Exercise goal -> Retype, without any change, the line that contains "s = oracle_sign" and every line that follows it to the end of the entries, and nothing else.

-*-*-

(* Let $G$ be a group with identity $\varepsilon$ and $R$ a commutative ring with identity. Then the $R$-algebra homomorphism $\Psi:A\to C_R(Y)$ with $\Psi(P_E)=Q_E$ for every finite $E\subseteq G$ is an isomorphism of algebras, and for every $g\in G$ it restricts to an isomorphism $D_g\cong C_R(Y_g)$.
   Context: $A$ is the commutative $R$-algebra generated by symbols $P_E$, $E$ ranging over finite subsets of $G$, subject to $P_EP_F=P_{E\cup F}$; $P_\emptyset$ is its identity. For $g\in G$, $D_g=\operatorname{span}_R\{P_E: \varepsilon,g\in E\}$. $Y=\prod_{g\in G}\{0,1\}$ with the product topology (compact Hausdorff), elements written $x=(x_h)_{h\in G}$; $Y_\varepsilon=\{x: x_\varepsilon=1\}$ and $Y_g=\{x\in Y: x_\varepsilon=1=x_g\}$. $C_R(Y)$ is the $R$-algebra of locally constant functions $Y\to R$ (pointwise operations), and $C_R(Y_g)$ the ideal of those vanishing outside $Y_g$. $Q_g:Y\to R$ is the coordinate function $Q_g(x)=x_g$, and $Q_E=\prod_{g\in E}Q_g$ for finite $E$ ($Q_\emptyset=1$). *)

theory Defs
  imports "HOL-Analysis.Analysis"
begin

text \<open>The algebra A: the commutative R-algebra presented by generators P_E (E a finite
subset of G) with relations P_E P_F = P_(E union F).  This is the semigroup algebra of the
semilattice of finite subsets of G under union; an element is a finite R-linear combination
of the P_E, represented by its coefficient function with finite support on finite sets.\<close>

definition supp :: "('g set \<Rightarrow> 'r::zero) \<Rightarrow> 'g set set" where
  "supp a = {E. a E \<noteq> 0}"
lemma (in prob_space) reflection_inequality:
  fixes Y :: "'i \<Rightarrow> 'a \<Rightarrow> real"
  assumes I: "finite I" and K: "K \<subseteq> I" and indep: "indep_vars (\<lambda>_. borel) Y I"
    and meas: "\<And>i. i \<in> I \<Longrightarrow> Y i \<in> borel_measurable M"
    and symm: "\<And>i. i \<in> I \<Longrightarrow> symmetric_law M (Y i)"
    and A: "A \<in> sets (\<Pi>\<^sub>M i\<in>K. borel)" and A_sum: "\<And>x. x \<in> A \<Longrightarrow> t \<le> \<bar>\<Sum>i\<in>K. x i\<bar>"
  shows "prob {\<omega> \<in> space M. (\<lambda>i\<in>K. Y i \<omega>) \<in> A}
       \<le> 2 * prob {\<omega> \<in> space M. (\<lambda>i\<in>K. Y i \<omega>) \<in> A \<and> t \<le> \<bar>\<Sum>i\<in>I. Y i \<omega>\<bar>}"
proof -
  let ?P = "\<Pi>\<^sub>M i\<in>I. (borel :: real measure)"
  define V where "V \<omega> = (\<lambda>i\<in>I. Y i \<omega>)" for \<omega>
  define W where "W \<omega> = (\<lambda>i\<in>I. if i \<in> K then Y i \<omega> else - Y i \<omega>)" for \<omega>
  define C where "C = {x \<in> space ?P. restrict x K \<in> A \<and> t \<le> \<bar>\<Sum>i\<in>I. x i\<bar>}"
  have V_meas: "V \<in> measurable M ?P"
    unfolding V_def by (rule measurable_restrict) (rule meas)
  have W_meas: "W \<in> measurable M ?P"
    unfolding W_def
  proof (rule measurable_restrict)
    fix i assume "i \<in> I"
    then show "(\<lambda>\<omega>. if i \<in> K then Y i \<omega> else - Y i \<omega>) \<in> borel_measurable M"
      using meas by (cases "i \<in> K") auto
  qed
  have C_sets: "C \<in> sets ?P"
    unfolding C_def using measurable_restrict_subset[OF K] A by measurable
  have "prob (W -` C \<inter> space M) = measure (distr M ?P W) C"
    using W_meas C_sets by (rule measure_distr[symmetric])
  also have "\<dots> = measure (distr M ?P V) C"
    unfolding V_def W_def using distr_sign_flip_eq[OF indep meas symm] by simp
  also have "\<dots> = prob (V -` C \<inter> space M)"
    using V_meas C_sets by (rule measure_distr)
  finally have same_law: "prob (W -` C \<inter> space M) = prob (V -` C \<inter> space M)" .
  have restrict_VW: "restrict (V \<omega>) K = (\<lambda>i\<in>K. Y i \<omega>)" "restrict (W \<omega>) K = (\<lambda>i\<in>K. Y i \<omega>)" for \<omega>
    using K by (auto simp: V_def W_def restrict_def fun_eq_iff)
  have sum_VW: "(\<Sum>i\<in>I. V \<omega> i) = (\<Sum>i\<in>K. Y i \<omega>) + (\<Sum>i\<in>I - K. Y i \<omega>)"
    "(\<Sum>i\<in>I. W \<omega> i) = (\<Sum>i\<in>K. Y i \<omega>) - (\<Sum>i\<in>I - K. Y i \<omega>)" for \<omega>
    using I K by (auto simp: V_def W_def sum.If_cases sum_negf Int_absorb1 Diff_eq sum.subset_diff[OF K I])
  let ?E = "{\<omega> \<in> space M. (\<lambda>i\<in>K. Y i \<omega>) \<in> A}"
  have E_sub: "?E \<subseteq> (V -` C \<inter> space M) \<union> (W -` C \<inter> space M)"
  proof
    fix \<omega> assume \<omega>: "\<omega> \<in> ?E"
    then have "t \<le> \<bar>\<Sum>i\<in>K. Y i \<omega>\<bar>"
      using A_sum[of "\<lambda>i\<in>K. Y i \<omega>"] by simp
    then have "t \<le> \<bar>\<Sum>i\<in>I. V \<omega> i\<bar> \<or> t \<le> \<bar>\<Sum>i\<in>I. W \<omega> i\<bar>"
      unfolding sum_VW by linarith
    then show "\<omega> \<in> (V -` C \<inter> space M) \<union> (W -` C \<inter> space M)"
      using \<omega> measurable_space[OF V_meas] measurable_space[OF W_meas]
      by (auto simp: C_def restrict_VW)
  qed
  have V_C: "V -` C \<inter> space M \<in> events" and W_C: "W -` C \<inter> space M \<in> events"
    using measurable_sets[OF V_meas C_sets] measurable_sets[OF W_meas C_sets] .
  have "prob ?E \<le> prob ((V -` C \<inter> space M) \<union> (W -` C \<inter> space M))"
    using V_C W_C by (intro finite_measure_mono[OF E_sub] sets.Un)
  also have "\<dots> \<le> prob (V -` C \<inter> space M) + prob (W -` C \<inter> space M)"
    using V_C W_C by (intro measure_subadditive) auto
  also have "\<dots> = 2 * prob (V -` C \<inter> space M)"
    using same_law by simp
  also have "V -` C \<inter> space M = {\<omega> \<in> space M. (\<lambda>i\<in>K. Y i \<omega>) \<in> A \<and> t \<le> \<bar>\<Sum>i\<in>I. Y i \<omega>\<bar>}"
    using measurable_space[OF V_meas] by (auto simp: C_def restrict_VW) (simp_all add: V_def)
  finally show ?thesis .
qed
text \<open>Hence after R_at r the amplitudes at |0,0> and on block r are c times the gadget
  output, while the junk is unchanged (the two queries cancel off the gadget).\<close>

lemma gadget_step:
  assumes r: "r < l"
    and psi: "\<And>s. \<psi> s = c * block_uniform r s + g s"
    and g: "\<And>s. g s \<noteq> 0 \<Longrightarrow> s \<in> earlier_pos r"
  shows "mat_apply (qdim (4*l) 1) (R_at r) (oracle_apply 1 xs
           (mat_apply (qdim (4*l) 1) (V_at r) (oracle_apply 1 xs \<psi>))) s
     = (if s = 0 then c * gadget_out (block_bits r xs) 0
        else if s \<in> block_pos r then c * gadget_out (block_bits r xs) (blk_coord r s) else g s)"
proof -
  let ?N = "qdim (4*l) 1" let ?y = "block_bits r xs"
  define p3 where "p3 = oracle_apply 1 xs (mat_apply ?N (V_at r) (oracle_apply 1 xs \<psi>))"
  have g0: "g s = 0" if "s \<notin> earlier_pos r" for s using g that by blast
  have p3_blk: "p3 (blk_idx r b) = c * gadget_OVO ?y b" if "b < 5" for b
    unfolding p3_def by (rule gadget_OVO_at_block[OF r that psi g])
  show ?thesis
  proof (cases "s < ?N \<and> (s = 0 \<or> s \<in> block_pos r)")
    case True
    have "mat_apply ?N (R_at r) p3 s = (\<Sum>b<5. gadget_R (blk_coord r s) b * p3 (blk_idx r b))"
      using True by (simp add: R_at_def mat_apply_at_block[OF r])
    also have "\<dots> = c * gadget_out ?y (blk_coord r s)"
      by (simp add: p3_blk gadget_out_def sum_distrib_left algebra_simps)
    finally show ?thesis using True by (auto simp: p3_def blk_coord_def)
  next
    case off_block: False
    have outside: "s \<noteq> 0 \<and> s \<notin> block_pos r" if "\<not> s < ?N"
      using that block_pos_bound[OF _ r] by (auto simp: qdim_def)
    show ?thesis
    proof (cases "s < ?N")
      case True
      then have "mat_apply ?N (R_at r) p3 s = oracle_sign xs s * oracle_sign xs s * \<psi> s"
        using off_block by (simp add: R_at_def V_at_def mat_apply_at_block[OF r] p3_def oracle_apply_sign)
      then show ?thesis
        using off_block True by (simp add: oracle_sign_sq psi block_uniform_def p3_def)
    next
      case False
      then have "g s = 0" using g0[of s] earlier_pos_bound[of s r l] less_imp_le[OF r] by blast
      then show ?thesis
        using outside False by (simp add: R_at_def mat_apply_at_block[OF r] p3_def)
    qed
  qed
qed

-*-*-

Response to the exercise ->
      then have "mat_apply ?N (R_at r) p3 s = oracle_sign xs s * oracle_sign xs s * \<psi> s"
        using off_block by (simp add: R_at_def V_at_def mat_apply_at_block[OF r] p3_def oracle_apply_sign)
      then show ?thesis
        using off_block True by (simp add: oracle_sign_sq psi block_uniform_def p3_def)
    next
      case False
      then have "g s = 0" using g0[of s] earlier_pos_bound[of s r l] less_imp_le[OF r] by blast
      then show ?thesis
        using outside False by (simp add: R_at_def mat_apply_at_block[OF r] p3_def)
    qed
  qed
qed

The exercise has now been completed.